#### What you need to do
Lines below that include the word "blast" should each be copied.
START Data
definition no_dip_set :: "nat \<Rightarrow> int \<Rightarrow> real \<Rightarrow> nat \<Rightarrow> nat \<Rightarrow> (nat \<Rightarrow> int) set" where
  "no_dip_set N x sg m s = {\<omega>. S_time N (walk x \<omega>) (T_time N (walk x \<omega>) m) = ereal (real s) \<and>
      (\<forall>n. 0 \<le> scale N + sg * real_of_int (walk x \<omega> (s + n) - walk x \<omega> s))}"

lemma exits_within_if_not_stuck:
  assumes "\<And>i. \<omega> \<notin> stuck_set N x \<tau> m i"
  shows "exits_within N \<tau> (walk x \<omega>) m"
  using assms unfolding exits_within_def stuck_set_def by (force simp: not_le)

lemma dips_after_if_no_no_dip:
  assumes jumps: "\<And>i. \<bar>real_of_int (\<omega> i)\<bar> \<le> J" and J: "J \<le> 2 * scale N"
    and no_no_dip: "\<And>sg s. sg = 1 \<or> sg = -1 \<Longrightarrow> \<omega> \<notin> no_dip_set N x sg m s"
  shows "dips_after N (walk x \<omega>) m"
  unfolding dips_after_def
proof (intro allI impI)
  fix s assume S: "S_time N (walk x \<omega>) (T_time N (walk x \<omega>) m) = ereal (real s)"
  then have "S_time N (walk x \<omega>) (T_time N (walk x \<omega>) m) \<noteq> \<infinity>" by simp
  then obtain s' where "S_time N (walk x \<omega>) (T_time N (walk x \<omega>) m) = ereal (real s')"
    and high: "2 * scale N < real_of_int \<bar>walk x \<omega> s'\<bar>"
    by (rule S_time_finiteD)
  then have "s' = s" using S by simp
  show "\<exists>k>s. real_of_int \<bar>walk x \<omega> k\<bar> < real_of_int \<bar>walk x \<omega> s\<bar> - scale N"
  proof (rule ccontr)
    assume "\<not> (\<exists>k>s. real_of_int \<bar>walk x \<omega> k\<bar> < real_of_int \<bar>walk x \<omega> s\<bar> - scale N)"
    then have "\<And>k. s < k \<Longrightarrow> real_of_int \<bar>walk x \<omega> s\<bar> - scale N \<le> real_of_int \<bar>walk x \<omega> k\<bar>"
      by force
    with jumps J high \<open>s' = s\<close> obtain sg where "sg = 1 \<or> sg = -1"
      and "\<And>n. 0 \<le> scale N + sg * real_of_int (walk x \<omega> (s + n) - walk x \<omega> s)"
      by (elim walk_one_sided_if_no_dip) auto
    then show False using no_no_dip S unfolding no_dip_set_def by blast
  qed
qed

context iid_steps
begin

lemma stuck_set_eq: "stuck_set N x \<tau> m i = {\<omega>\<in>space Steps. T_time N (walk x \<omega>) m = ereal (real i) - 1 \<and>
    (\<forall>n<\<tau>. \<bar>real_of_int (walk x \<omega> (i + n))\<bar> \<le> 2 * scale N)}"
  by (simp add: stuck_set_def)

lemma stuck_set_measurable [measurable]: "stuck_set N x \<tau> m i \<in> sets Steps"
  unfolding stuck_set_eq by measurable

lemma no_dip_set_eq: "no_dip_set N x sg m s = {\<omega>\<in>space Steps.
    S_time N (walk x \<omega>) (T_time N (walk x \<omega>) m) = ereal (real s) \<and>
    (\<forall>n. 0 \<le> scale N + sg * real_of_int (walk x \<omega> (s + n) - walk x \<omega> s))}"
  by (simp add: no_dip_set_def)

lemma no_dip_set_measurable [measurable]: "no_dip_set N x sg m s \<in> sets Steps"
proof -
  have "no_dip_set N x sg m s = {\<omega>\<in>space Steps. S_time N (walk x \<omega>) (T_time N (walk x \<omega>) m) = ereal (real s) \<and>
      (\<forall>n. 0 \<le> scale N + sg * (real_of_int (walk x \<omega> (s + n)) - real_of_int (walk x \<omega> s)))}"
    by (simp add: no_dip_set_def)
  also have "\<dots> \<in> sets Steps" by measurable
  finally show ?thesis .
qed

text \<open>Restart at the time \<open>i\<close> where the search for \<open>S_m\<close> begins: \<open>\<tau>\<close> steps inside
  \<open>[-2N^(5/6), 2N^(5/6)]\<close> contain \<open>r\<close> consecutive blocks of length \<open>L\<close> with small increments.\<close>
lemma emeasure_stuck_set_le:
  assumes rL: "r * L < \<tau>"
  shows "emeasure Steps (stuck_set N x \<tau> m i) \<le>
     emeasure Steps {\<omega>\<in>space Steps. \<bar>real_of_int (psum L \<omega>)\<bar> \<le> 4 * scale N} ^ r *
     emeasure Steps {\<omega>\<in>space Steps. T_time N (walk x \<omega>) m = ereal (real i) - 1}"
  unfolding stuck_set_eq
proof (rule emeasure_restart_le[where i=i])
  fix \<omega> \<omega>'
  assume a: "T_time N (walk x (comb_seq i \<omega> \<omega>')) m = ereal (real i) - 1 \<and>
    (\<forall>n<\<tau>. \<bar>real_of_int (walk x (comb_seq i \<omega> \<omega>') (i + n))\<bar> \<le> 2 * scale N)"
  then have "T_time N (walk x (comb_seq i \<omega> \<omega>')) m \<le> ereal (real i)"
    by (simp add: one_ereal_def)
  then have "T_time N (walk x \<omega>) m = T_time N (walk x (comb_seq i \<omega> \<omega>')) m"
    using T_time_cong_prefix[of i "walk x (comb_seq i \<omega> \<omega>')" "walk x \<omega>" N m] walk_comb_seq_le by blast
  then show "\<omega> \<in> {\<omega>\<in>space Steps. T_time N (walk x \<omega>) m = ereal (real i) - 1}" using a by simp
next
  fix \<omega>
  let ?y = "walk x \<omega> i"
  have "{\<omega>'\<in>space Steps. T_time N (walk x (comb_seq i \<omega> \<omega>')) m = ereal (real i) - 1 \<and>
      (\<forall>n<\<tau>. \<bar>real_of_int (walk x (comb_seq i \<omega> \<omega>') (i + n))\<bar> \<le> 2 * scale N)}
    \<subseteq> {\<omega>'\<in>space Steps. \<forall>b<r. \<bar>real_of_int (block_incr L b \<omega>')\<bar> \<le> 4 * scale N}"
  proof safe
    fix \<omega>' b
    assume a: "\<forall>n<\<tau>. \<bar>real_of_int (walk x (comb_seq i \<omega> \<omega>') (i + n))\<bar> \<le> 2 * scale N" and b: "b < r"
    have inside: "n < \<tau> \<Longrightarrow> \<bar>real_of_int ?y + real_of_int (psum n \<omega>')\<bar> \<le> 2 * scale N" for n
      using a walk_comb_seq_add[of x i \<omega> \<omega>' n] by fastforce
    have "Suc b * L \<le> r * L" using b by (intro mult_right_mono) auto
    then have "Suc b * L < \<tau>" and "b * L < \<tau>" using rL by (auto intro: le_less_trans)
    then show "\<bar>real_of_int (block_incr L b \<omega>')\<bar> \<le> 4 * scale N"
      using inside[of "Suc b * L"] inside[of "b * L"] by (simp add: block_incr_def)
  qed
  then have "emeasure Steps {\<omega>'\<in>space Steps. T_time N (walk x (comb_seq i \<omega> \<omega>')) m = ereal (real i) - 1 \<and>
      (\<forall>n<\<tau>. \<bar>real_of_int (walk x (comb_seq i \<omega> \<omega>') (i + n))\<bar> \<le> 2 * scale N)}
    \<le> emeasure Steps {\<omega>'\<in>space Steps. \<forall>b<r. \<bar>real_of_int (block_incr L b \<omega>')\<bar> \<le> 4 * scale N}"
    by (intro emeasure_mono) measurable
  also have "\<dots> \<le> emeasure Steps {\<omega>\<in>space Steps. \<bar>real_of_int (psum L \<omega>)\<bar> \<le> 4 * scale N} ^ r"
    by (rule emeasure_block_incrs_le)
  finally show "emeasure Steps {\<omega>'\<in>space Steps. T_time N (walk x (comb_seq i \<omega> \<omega>')) m = ereal (real i) - 1 \<and>
      (\<forall>n<\<tau>. \<bar>real_of_int (walk x (comb_seq i \<omega> \<omega>') (i + n))\<bar> \<le> 2 * scale N)}
    \<le> emeasure Steps {\<omega>\<in>space Steps. \<bar>real_of_int (psum L \<omega>)\<bar> \<le> 4 * scale N} ^ r" .
qed measurable

lemma emeasure_UN_stuck_set_le:
  assumes rL: "r * L < \<tau>"
    and small: "emeasure Steps {\<omega>\<in>space Steps. \<bar>real_of_int (psum L \<omega>)\<bar> \<le> 4 * scale N} \<le> ennreal \<beta>"
    and "\<beta> \<ge> 0"
  shows "emeasure Steps (\<Union>i. stuck_set N x \<tau> m i) \<le> ennreal (\<beta> ^ r)"
proof -
  let ?A = "\<lambda>i. {\<omega>\<in>space Steps. T_time N (walk x \<omega>) m = ereal (real i) - 1}"
  have "?A i \<in> sets Steps" for i by measurable
  then have A: "range ?A \<subseteq> sets Steps" by blast
  have disj: "disjoint_family ?A" by (auto simp: disjoint_family_on_def one_ereal_def)
  have small_r: "emeasure Steps {\<omega>\<in>space Steps. \<bar>real_of_int (psum L \<omega>)\<bar> \<le> 4 * scale N} ^ r
      \<le> ennreal (\<beta> ^ r)"
    using small \<open>\<beta> \<ge> 0\<close> by (simp add: ennreal_power[symmetric] power_mono)
  have "emeasure Steps (\<Union>i. stuck_set N x \<tau> m i) \<le> (\<Sum>i. emeasure Steps (stuck_set N x \<tau> m i))"
    by (rule emeasure_subadditive_countably) auto
  also have "\<dots> \<le> (\<Sum>i. ennreal (\<beta> ^ r) * emeasure Steps (?A i))"
    by (intro suminf_le summableI order.trans[OF emeasure_stuck_set_le[OF rL]] mult_right_mono small_r)
      auto
  also have "\<dots> = ennreal (\<beta> ^ r) * emeasure Steps (\<Union>i. ?A i)"
    using suminf_emeasure[OF A disj] by (simp add: ennreal_suminf_cmult)
  also have "\<dots> \<le> ennreal (\<beta> ^ r)"
    using mult_left_mono[OF steps.measure_le_1, of "ennreal (\<beta> ^ r)"] by simp
  finally show ?thesis .
qed

end

context sym_finite_steps
begin

lemma emeasure_no_dip_set_eq_0:
  assumes pos: "mom2 > 0" and sg: "sg = 1 \<or> sg = -1"
  shows "emeasure Steps (no_dip_set N x sg m s) = 0"
proof -
  let ?A = "{\<omega>\<in>space Steps. S_time N (walk x \<omega>) (T_time N (walk x \<omega>) m) = ereal (real s)}"
  have "emeasure Steps (no_dip_set N x sg m s) \<le> 0 * emeasure Steps ?A"
    unfolding no_dip_set_eq
  proof (rule emeasure_restart_le[where i=s])
    fix \<omega> \<omega>'
    assume a: "S_time N (walk x (comb_seq s \<omega> \<omega>')) (T_time N (walk x (comb_seq s \<omega> \<omega>')) m) = ereal (real s)
      \<and> (\<forall>n. 0 \<le> scale N + sg * real_of_int (walk x (comb_seq s \<omega> \<omega>') (s + n) - walk x (comb_seq s \<omega> \<omega>') s))"
    then have "S_time N (walk x \<omega>) (T_time N (walk x \<omega>) m)
        = S_time N (walk x (comb_seq s \<omega> \<omega>')) (T_time N (walk x (comb_seq s \<omega> \<omega>')) m)"
      using S_T_time_cong_prefix[of s "walk x (comb_seq s \<omega> \<omega>')" "walk x \<omega>" N m] walk_comb_seq_le
      by auto
    then show "\<omega> \<in> ?A" using a by simp
  next
    fix \<omega>
    have "{\<omega>'\<in>space Steps.
        S_time N (walk x (comb_seq s \<omega> \<omega>')) (T_time N (walk x (comb_seq s \<omega> \<omega>')) m) = ereal (real s)
      \<and> (\<forall>n. 0 \<le> scale N + sg * real_of_int (walk x (comb_seq s \<omega> \<omega>') (s + n) - walk x (comb_seq s \<omega> \<omega>') s))}
      \<subseteq> {\<omega>'\<in>space Steps. \<forall>n. 0 \<le> scale N + sg * real_of_int (psum n \<omega>')}"
      using walk_comb_seq_add[of x s \<omega>] walk_comb_seq_le[of s s x \<omega>] by auto
    then have "emeasure Steps {\<omega>'\<in>space Steps.
        S_time N (walk x (comb_seq s \<omega> \<omega>')) (T_time N (walk x (comb_seq s \<omega> \<omega>')) m) = ereal (real s)
      \<and> (\<forall>n. 0 \<le> scale N + sg * real_of_int (walk x (comb_seq s \<omega> \<omega>') (s + n) - walk x (comb_seq s \<omega> \<omega>') s))}
      \<le> emeasure Steps {\<omega>'\<in>space Steps. \<forall>n. 0 \<le> scale N + sg * real_of_int (psum n \<omega>')}"
      by (intro emeasure_mono) measurable
    also have "\<dots> = 0" by (rule emeasure_never_crosses_eq_0[OF pos sg])
    finally show "emeasure Steps {\<omega>'\<in>space Steps.
        S_time N (walk x (comb_seq s \<omega> \<omega>')) (T_time N (walk x (comb_seq s \<omega> \<omega>')) m) = ereal (real s)
      \<and> (\<forall>n. 0 \<le> scale N + sg * real_of_int (walk x (comb_seq s \<omega> \<omega>') (s + n) - walk x (comb_seq s \<omega> \<omega>') s))}
      \<le> 0" .
  qed (use no_dip_set_measurable[of N x sg m s] in \<open>simp_all only: no_dip_set_eq\<close>, measurable)
  then show ?thesis by simp
qed

end

lemma (in iid_steps) AE_steps_bounded:
  assumes "\<And>z. J < \<bar>real_of_int z\<bar> \<Longrightarrow> pmf p z = 0"
  shows "AE \<omega> in Steps. \<forall>i. \<bar>real_of_int (\<omega> i)\<bar> \<le> J"
proof -
  have "AE z in measure_pmf p. \<bar>real_of_int z\<bar> \<le> J"
    using assms by (auto simp: AE_measure_pmf_iff set_pmf_iff) (meson not_le)
  then show ?thesis by (auto intro: steps.AE_component simp: AE_all_countable)
qed

context sym_finite_steps
begin

definition excursion_fails :: "nat \<Rightarrow> int \<Rightarrow> nat \<Rightarrow> nat \<Rightarrow> (nat \<Rightarrow> int) set" where
  "excursion_fails N x \<tau> m =
     (\<Union>i. stuck_set N x \<tau> m i) \<union> (\<Union>s. no_dip_set N x 1 m s) \<union> (\<Union>s. no_dip_set N x (-1) m s)"

lemma excursion_fails_measurable [measurable]: "excursion_fails N x \<tau> m \<in> sets Steps"
  unfolding excursion_fails_def by measurable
END Data
#### Reply to the exercise
    then show False using no_no_dip S unfolding no_dip_set_def by blast
    using T_time_cong_prefix[of i "walk x (comb_seq i \<omega> \<omega>')" "walk x \<omega>" N m] walk_comb_seq_le by blast
  then have A: "range ?A \<subseteq> sets Steps" by blast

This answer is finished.